Among these entries, count the lines containing the word "thesis" and answer with only the number.
--- Record set ---
lemma sum_incidences:
  fixes L :: "'a \<Rightarrow> 'b set"
  assumes "finite N" and "finite B"
  shows "(\<Sum>b\<in>B. \<Sum>x\<in>N. of_bool (b \<in> L x) :: real) = (\<Sum>x\<in>N. real (card (L x \<inter> B)))"
  using assms by (subst sum.swap) (simp add: Int_commute)

lemma sum_squared_incidences:
  fixes L :: "'a \<Rightarrow> 'b set"
  assumes "finite N" and "finite B"
  shows "(\<Sum>b\<in>B. (\<Sum>x\<in>N. of_bool (b \<in> L x) :: real)^2)
       = (\<Sum>x\<in>N. \<Sum>y\<in>N. real (card (L x \<inter> L y \<inter> B)))"
proof -
  have "(\<Sum>b\<in>B. (\<Sum>x\<in>N. of_bool (b \<in> L x) :: real)^2)
      = (\<Sum>b\<in>B. \<Sum>x\<in>N. \<Sum>y\<in>N. of_bool (b \<in> L x \<inter> L y))"
    by (simp add: power2_eq_square sum_product flip: of_bool_conj)
  also have "\<dots> = (\<Sum>x\<in>N. \<Sum>y\<in>N. \<Sum>b\<in>B. of_bool (b \<in> L x \<inter> L y))"
    by (simp add: sum.swap[of _ B] sum.swap[of _ B N])
  finally show ?thesis
    using assms by (simp add: Collect_conj_eq Int_ac)
qed
lemma not_torus_transitive_if_invariant_regular_open_pair:
  assumes "torus_endomorphism f"
    and U: "U \<noteq> {}" "regular_open U" "f -` U \<inter> torus = U"
    and V: "V \<noteq> {}" "regular_open V" "f -` V \<inter> torus = V"
    and U_eq: "U = torus - torus_top closure_of V"
  shows "\<not> torus_transitive f"
proof
  assume "torus_transitive f"
  then obtain x where x: "x \<in> torus" "torus \<subseteq> closure (range (\<lambda>n. (f ^^ n) x))"
    unfolding torus_transitive_def by blast
  have "f ` torus \<subseteq> torus"
    using assms(1) unfolding torus_endomorphism_def by blast
  then have "U \<inter> V \<noteq> {}"
    using backward_invariant_opens_meet_if_dense_orbit[OF _ x regular_open_imp_openin[OF U(2)] U(1,3)
        regular_open_imp_openin[OF V(2)] V(1,3)] by blast
  moreover have "V \<subseteq> torus_top closure_of V"
    using regular_open_imp_openin[OF V(2)] by (intro closure_of_subset openin_subset)
  ultimately show False
    using U_eq by blast
qed

theorem proposition1:
  fixes f :: "complex \<times> complex \<Rightarrow> complex \<times> complex"
  assumes "torus_endomorphism f" and "area_preserving f"
  shows "\<not> torus_transitive f \<longleftrightarrow>
    (\<exists>U V. U \<noteq> {} \<and> V \<noteq> {} \<and> regular_open U \<and> regular_open V \<and>
       U = torus - torus_top closure_of V \<and>
       f -` U \<inter> torus = U \<and> f -` V \<inter> torus = V)"
proof
  assume "\<not> torus_transitive f"
  then obtain U V where "U \<noteq> {}" "V \<noteq> {}" "regular_open U" "regular_open V"
    and "U = torus - torus_top closure_of V" "f -` U \<inter> torus = U" "f -` V \<inter> torus = V"
    by (rule invariant_regular_open_pair_if_not_torus_transitive[OF assms])
  then show "\<exists>U V. U \<noteq> {} \<and> V \<noteq> {} \<and> regular_open U \<and> regular_open V \<and>
      U = torus - torus_top closure_of V \<and> f -` U \<inter> torus = U \<and> f -` V \<inter> torus = V"
    by (intro exI[of _ U] exI[of _ V] conjI)
next
  assume "\<exists>U V. U \<noteq> {} \<and> V \<noteq> {} \<and> regular_open U \<and> regular_open V \<and>
      U = torus - torus_top closure_of V \<and> f -` U \<inter> torus = U \<and> f -` V \<inter> torus = V"
  then show "\<not> torus_transitive f"
    by (elim exE conjE) (rule not_torus_transitive_if_invariant_regular_open_pair[OF assms(1)])
qed

end
lemma separated_farey_pairs:
  assumes "X\<^sup>2 \<le> real N"
  shows "separated (1 / real N) (\<lambda>(m, k). \<beta> + of_int k / of_int m) (farey_pairs X)"
  unfolding separated_def
proof (intro ballI impI)
  fix i j assume ij: "i \<in> farey_pairs X" "j \<in> farey_pairs X" "i \<noteq> j"
  obtain m1 k1 m2 k2 where i: "i = (m1, k1)" and j: "j = (m2, k2)" by fastforce
  have pos: "0 < m1" "0 < m2" using ij unfolding i j farey_pairs_def by auto
  have "real_of_int m1 * real_of_int m2 < X * X"
    using ij pos unfolding i j farey_pairs_def by (intro mult_strict_mono) auto
  hence "real_of_int (m1 * m2) < real N" using assms by (simp add: power2_eq_square)
  hence "m1 * m2 \<le> int N" by linarith
  moreover have "\<not> m1 * m2 dvd k1 * m2 - k2 * m1"
    using ij unfolding i j farey_pairs_def by (intro reduced_fractions_cross_diff_not_dvd) auto
  ultimately have bounds: "1 / real N \<le> frac (of_int (k1 * m2 - k2 * m1) / of_int (m1 * m2)) \<and>
      frac (of_int (k1 * m2 - k2 * m1) / of_int (m1 * m2)) \<le> 1 - 1 / real N"
    using pos by (intro frac_of_int_div_bounds) auto
  have "(\<beta> + of_int k1 / of_int m1) - (\<beta> + of_int k2 / of_int m2)
      = of_int (k1 * m2 - k2 * m1) / of_int (m1 * m2)"
    using pos by (simp add: field_simps)
  with bounds show "1 / real N \<le> frac ((case i of (m, k) \<Rightarrow> \<beta> + of_int k / of_int m) -
                      (case j of (m, k) \<Rightarrow> \<beta> + of_int k / of_int m)) \<and>
      frac ((case i of (m, k) \<Rightarrow> \<beta> + of_int k / of_int m) -
            (case j of (m, k) \<Rightarrow> \<beta> + of_int k / of_int m)) \<le> 1 - 1 / real N"
    unfolding i j prod.case by simp
qed

section \<open>The coefficients \<open>c(u, h)\<close>\<close>

lemma norm_fPr [simp]: "norm (fPr q \<alpha> P \<rho> n) = 1"
  by (simp add: fPr_def fP_def)

text \<open>Parseval's identity would give the bound \<open>1\<close>; the large sieve for the points \<open>-h/q^\<rho>\<close> gives \<open>8\<close>.\<close>
lemma sum_norm_ccoef_sq_le: "(\<Sum>h<q ^ \<rho>. (norm (ccoef q \<alpha> P \<kappa> \<rho> l u h))\<^sup>2) \<le> 8"
proof (cases "q ^ \<rho> = 0")
  case False
  define R where "R = q ^ \<rho>"
  have "R \<noteq> 0" using False by (simp add: R_def)
  hence R1: "R \<ge> 1" and Rp: "0 < real R" by simp_all
  define a where "a w = fPr q \<alpha> P (\<kappa> + \<rho>) (u + w * q ^ \<kappa> + q ^ (\<kappa> + \<rho>) * (q ^ l div q ^ \<rho>))
      * cnj (fPr q \<alpha> P (\<kappa> + \<rho>) (w * q ^ \<kappa> + q ^ (\<kappa> + \<rho>) * (q ^ l div q ^ \<rho>)))" for w
  have c: "ccoef q \<alpha> P \<kappa> \<rho> l u h = (1 / of_nat R) * (\<Sum>w<R. a w * e (real w * - (real h / real R)))"
    for h unfolding ccoef_def a_def R_def by (simp add: mult.commute)
  have scale: "(norm ((1 / of_nat R) * z))\<^sup>2 = (norm z)\<^sup>2 / (real R)\<^sup>2" for z :: complex
    by (simp add: norm_mult norm_divide power_divide)
  have "(\<Sum>h<R. (norm (ccoef q \<alpha> P \<kappa> \<rho> l u h))\<^sup>2)
      = (\<Sum>h<R. (norm (\<Sum>w<R. a w * e (real w * - (real h / real R))))\<^sup>2) / (real R)\<^sup>2"
    unfolding c by (simp only: scale sum_divide_distrib)
  also have "\<dots> \<le> 8 * real R * (\<Sum>w<R. (norm (a w))\<^sup>2) / (real R)\<^sup>2"
    using large_sieve[OF finite_lessThan R1 separated_fractions_of_denominator[of R]]
    by (intro divide_right_mono) auto
  also have "\<dots> = 8"
    using Rp by (simp add: a_def norm_mult power2_eq_square)
  finally show ?thesis unfolding R_def .
qed (simp del: power_eq_0_iff)
text \<open>G, X and T are the vertex sets of G^(2), of its strict corners X_2, and of G^(3).\<close>

abbreviation "G \<equiv> V - {u}"
abbreviation "X \<equiv> strict_corners E G"
abbreviation "T \<equiv> remaining E V 2"

lemma refl: "v \<in> V \<Longrightarrow> E v v"
  using graph unfolding reflexive_graph_def by blast

lemma sym: "s \<in> V \<Longrightarrow> t \<in> V \<Longrightarrow> E s t \<Longrightarrow> E t s"
  using graph unfolding reflexive_graph_def by blast

lemma u_in_V: "u \<in> V"
  using unique strict_corners_subset[of E V] by blast

lemma third_stage_eq: "T = G - X"
  by (simp add: numeral_2_eq_2 unique)

lemma X_subset: "X \<subseteq> G"
  by (rule strict_corners_subset)

lemma T_subset: "T \<subseteq> G"
  using third_stage_eq by blast

lemma corner_adj_u: "x \<in> X \<Longrightarrow> E x u"
  using strict_corner_after_deletion[of x E V u] unique strict_corners_subset[of E G] by blast

lemma corner_dominator:
  assumes x: "x \<in> X"
  obtains w where "w \<in> T" "\<forall>t\<in>G. E x t \<longrightarrow> E w t" "\<not> E w u"
proof -
  have "x \<notin> strict_corners E V" using x unique strict_corners_subset[of E G] by blast
  with x obtain w where w: "w \<in> G" "\<forall>t\<in>G. E x t \<longrightarrow> E w t" "\<not> E w u"
    by (rule strict_corner_after_deletion)
  then have "w \<in> T" using corner_adj_u third_stage_eq by blast
  with w that show thesis by blast
qed

lemma corner_escapes:
  assumes "p \<in> T" "z \<in> T" "\<forall>t\<in>T. E z t" "q \<in> T" "E z q" "\<not> E p q"
  obtains x where "x \<in> X" "E p x" "\<not> E z x"
proof -
  have "p \<in> G - X" using assms(1) third_stage_eq by blast
  moreover have "z \<in> G" "q \<in> G" using assms(2,4) T_subset by blast+
  ultimately obtain t where "t \<in> G" "E p t" "\<not> E z t"
    using assms(5,6) by (rule non_strict_corner_escapes)
  with assms(3) third_stage_eq that show thesis by blast
qed

end

locale pendant_in_third_stage = unique_strict_corner +
  fixes z c :: 'a
  assumes z_in: "z \<in> T" and z_dominating: "\<forall>t\<in>T. E z t"
    and c_in: "c \<in> T" and c_nbhd: "cnbhd E T c = {c, z}"
begin

lemma c_nbrs: "t \<in> T \<Longrightarrow> E c t \<Longrightarrow> t = c \<or> t = z"
  using c_nbhd unfolding cnbhd_def by blast

lemma corner_dominated_by_c:
  assumes x: "x \<in> X" and "E c x" "\<not> E z x"
  shows "\<forall>t\<in>G. E x t \<longrightarrow> E c t" "\<not> E c u"
proof -
  obtain w where w: "w \<in> T" "\<forall>t\<in>G. E x t \<longrightarrow> E w t" "\<not> E w u"
    using x by (rule corner_dominator)
  have G: "x \<in> G" "w \<in> G" "c \<in> G" using x X_subset w(1) c_in T_subset by blast+
  have "E w x" using w(2) refl G by blast
  moreover have "E c w" using w(2) sym assms(2) G by blast
  ultimately have "w = c" using c_nbrs w(1) assms(3) by blast
  with w show "\<forall>t\<in>G. E x t \<longrightarrow> E c t" "\<not> E c u" by blast+
qed

lemma neighbour_corner_dominated_by_c:
  assumes x': "x' \<in> X" "E c x'" "\<not> E z x'" and x: "x \<in> X" "E x x'"
  shows "\<forall>t\<in>G. E x t \<longrightarrow> E c t"
proof -
  obtain w where w: "w \<in> T" "\<forall>t\<in>G. E x t \<longrightarrow> E w t"
    using x(1) by (rule corner_dominator)
  have G: "x' \<in> G" "w \<in> G" using x'(1) X_subset w(1) T_subset by blast+
  have "E w x'" using w(2) x(2) G by blast
  moreover from this have "E c w" using corner_dominated_by_c[OF x'] sym G by blast
  ultimately have "w = c" using c_nbrs w(1) x'(3) by blast
  with w show ?thesis by blast
qed

text \<open>The dominator y of u sees every corner of G^(2), so it lies outside G^(3) and is itself
  dominated by c; then c sees the escape vertex of a, which leaves a corner without dominator.\<close>
theorem no_third_vertex:
  assumes a: "a \<in> T" "a \<notin> {c, z}"
  shows False
proof -
  have not_ca: "\<not> E c a" using a c_nbhd unfolding cnbhd_def by blast
  then have not_ac: "\<not> E a c" using sym a(1) c_in T_subset by blast
  obtain xc where xc: "xc \<in> X" "E c xc" "\<not> E z xc"
    using z_dominating a(1) by (blast intro: corner_escapes[OF c_in z_in z_dominating a(1) _ not_ca])
  obtain xa where xa: "xa \<in> X" "E a xa" "\<not> E z xa"
    using z_dominating c_in by (blast intro: corner_escapes[OF a(1) z_in z_dominating c_in _ not_ac])
  obtain y where y: "y \<in> G" "\<forall>t\<in>V. E u t \<longrightarrow> E y t"
    using unique strict_cornerE[of u E V] by blast
  have y_adj: "E y x" if "x \<in> X" for x
    using y(2) corner_adj_u[OF that] sym that X_subset u_in_V by blast
  have "y \<notin> T"
  proof
    assume "y \<in> T"
    moreover have "E c y"
      using corner_dominated_by_c(1)[OF xc] y_adj[OF xc(1)] sym y(1) xc(1) X_subset by blast
    ultimately have "y = c \<or> y = z" by (rule c_nbrs)
    moreover have "E y u" using y(2) refl u_in_V by blast
    ultimately show False using corner_dominated_by_c(2)[OF xc] y_adj[OF xc(1)] xc(3) by blast
  qed
  then have "y \<in> X" using y(1) third_stage_eq by blast
  then have "\<forall>t\<in>G. E y t \<longrightarrow> E c t"
    by (rule neighbour_corner_dominated_by_c[OF xc _ y_adj[OF xc(1)]])
  then have c_xa: "E c xa" using y_adj[OF xa(1)] xa(1) X_subset by blast
  obtain w where w: "w \<in> T" "\<forall>t\<in>G. E xa t \<longrightarrow> E w t"
    using xa(1) by (rule corner_dominator)
  have xa_G: "xa \<in> G" using xa(1) X_subset by blast
  have "w \<in> G" "a \<in> G" "c \<in> G" using w(1) a(1) c_in T_subset by blast+
  then have "E w xa" "E c w" "E w a"
    using w(2) xa_G refl[of xa] sym[of c xa] sym[of w c] sym[of a xa] c_xa xa(2) by auto
  then show False using c_nbrs w(1) not_ca xa(3) by blast
qed

end

lemma length_rank_card_vector: "length (rank_card_vector E V) = corner_rank E V"
  unfolding rank_card_vector_def by simp

lemma nth_rank_card_vector:
  assumes "i < corner_rank E V"
  shows "rank_card_vector E V ! i = card (rank_set E V (corner_rank E V - i))"
  using assms unfolding rank_card_vector_def by (simp add: rev_nth Suc_diff_Suc del: upt_Suc)

theorem corollary3p25:
  fixes k :: nat
  assumes "k \<ge> 1"
  shows "\<not> realizable [1, 3, k, 1]"
proof
  assume "realizable [1, 3, k, 1]"
  then obtain V :: "nat set" and E where graph: "reflexive_graph E V"
    and vec: "rank_card_vector E V = [1, 3, k, 1]"
    unfolding realizable_def by blast
  have rank: "corner_rank E V = 4" using length_rank_card_vector[of E V] vec by simp
  have "card (rank_set E V (4 - i)) = [1, 3, k, 1] ! i" if "i < 4" for i
    using nth_rank_card_vector[of i E V] that by (simp add: vec rank)
  from this[of 0] this[of 1] this[of 3]
  have "card (remaining E V 3) = 1" "card (strict_corners E (remaining E V 2)) = 3"
    "card (strict_corners E V) = 1"
    by (simp_all add: rank_set_def rank)
  then obtain z a b c u where z: "remaining E V 3 = {z}"
    and abc: "strict_corners E (remaining E V 2) = {a, b, c}" "distinct [a, b, c]"
    and u: "strict_corners E V = {u}"
    by (auto simp: card_1_singleton_iff card_3_iff)
  have "remaining E V 3 = remaining E V 2 - strict_corners E (remaining E V 2)"
    by (simp add: numeral_3_eq_3 numeral_2_eq_2)
  then have stage3: "remaining E V 2 = {a, b, c, z}" "distinct [a, b, c, z]"
    using z abc strict_corners_subset[of E "remaining E V 2"] by auto
  moreover have "reflexive_graph E {a, b, c, z}"
    using reflexive_graph_subset[OF graph] remaining_subset[of E V 2] stage3 by auto
  ultimately obtain p where "\<forall>t\<in>{a, b, c, z}. E z t" "p \<in> {a, b, c}"
    "cnbhd E {a, b, c, z} p = {p, z}"
    using four_vertex_three_strict_corners abc(1) by metis
  then have "pendant_in_third_stage E V u z p"
    using graph u stage3(1)
    unfolding pendant_in_third_stage_def pendant_in_third_stage_axioms_def unique_strict_corner_def
    by auto
  moreover obtain q where "q \<in> {a, b, c}" "q \<noteq> p" using abc(2) by auto
  ultimately show False
    using pendant_in_third_stage.no_third_vertex[of E V u z p q] stage3 by auto
qed

end
(* Let $X$ be an admissible complete CAT(1) space, $f\colon X\to(-\infty,\infty]$ a proper lower semicontinuous convex function, and $R_f$ the resolvent of $f$. Then $\mathrm{Argmin}_X f$ is nonempty if and only if there exists $x\in X$ such that $\{R_f^nx\}$ is spherically bounded and $\sup_n d(R_f^nx,R_f^{n-1}x)<\pi/2$. In this case, $\{R_f^nx\}$ is $\Delta$-convergent to an element of $\mathrm{Argmin}_X f$ for each $x\in X$.
   Context: A CAT(1) space is a $\pi$-geodesic metric space in which every geodesic triangle of perimeter $<2\pi$ satisfies the CAT(1) comparison inequality relative to comparison triangles in $\mathbb S^2$; it is admissible if $d(v,v')<\pi/2$ for all $v,v'$ (hence uniquely geodesic). $f$ is proper if it takes a real value somewhere, convex if $f(\alpha x\oplus(1-\alpha)y)\le\alpha f(x)+(1-\alpha)f(y)$ for $x,y\in X$, $\alpha\in(0,1)$, where $\alpha x\oplus(1-\alpha)y$ is the point on the geodesic from $x$ to $y$ at distance $(1-\alpha)d(x,y)$ from $x$. The resolvent is $R_fx=\mathrm{Argmin}_{y\in X}\{f(y)+\tan d(y,x)\sin d(y,x)\}$, which is a well-defined single point for each $x$ (known fact). A sequence is spherically bounded if $\inf_{y}\limsup_n d(x_n,y)<\pi/2$. $\{x_n\}$ is $\Delta$-convergent to $p$ if for every subsequence $\{x_{n_i}\}$, $p$ is the unique minimizer of $z\mapsto\limsup_i d(x_{n_i},z)$. *)

theory Defs
  imports "HOL-Analysis.Analysis" "HOL-Library.Extended_Real" "HOL-Library.Liminf_Limsup"
begin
---
* **Solution to this exercise**: 5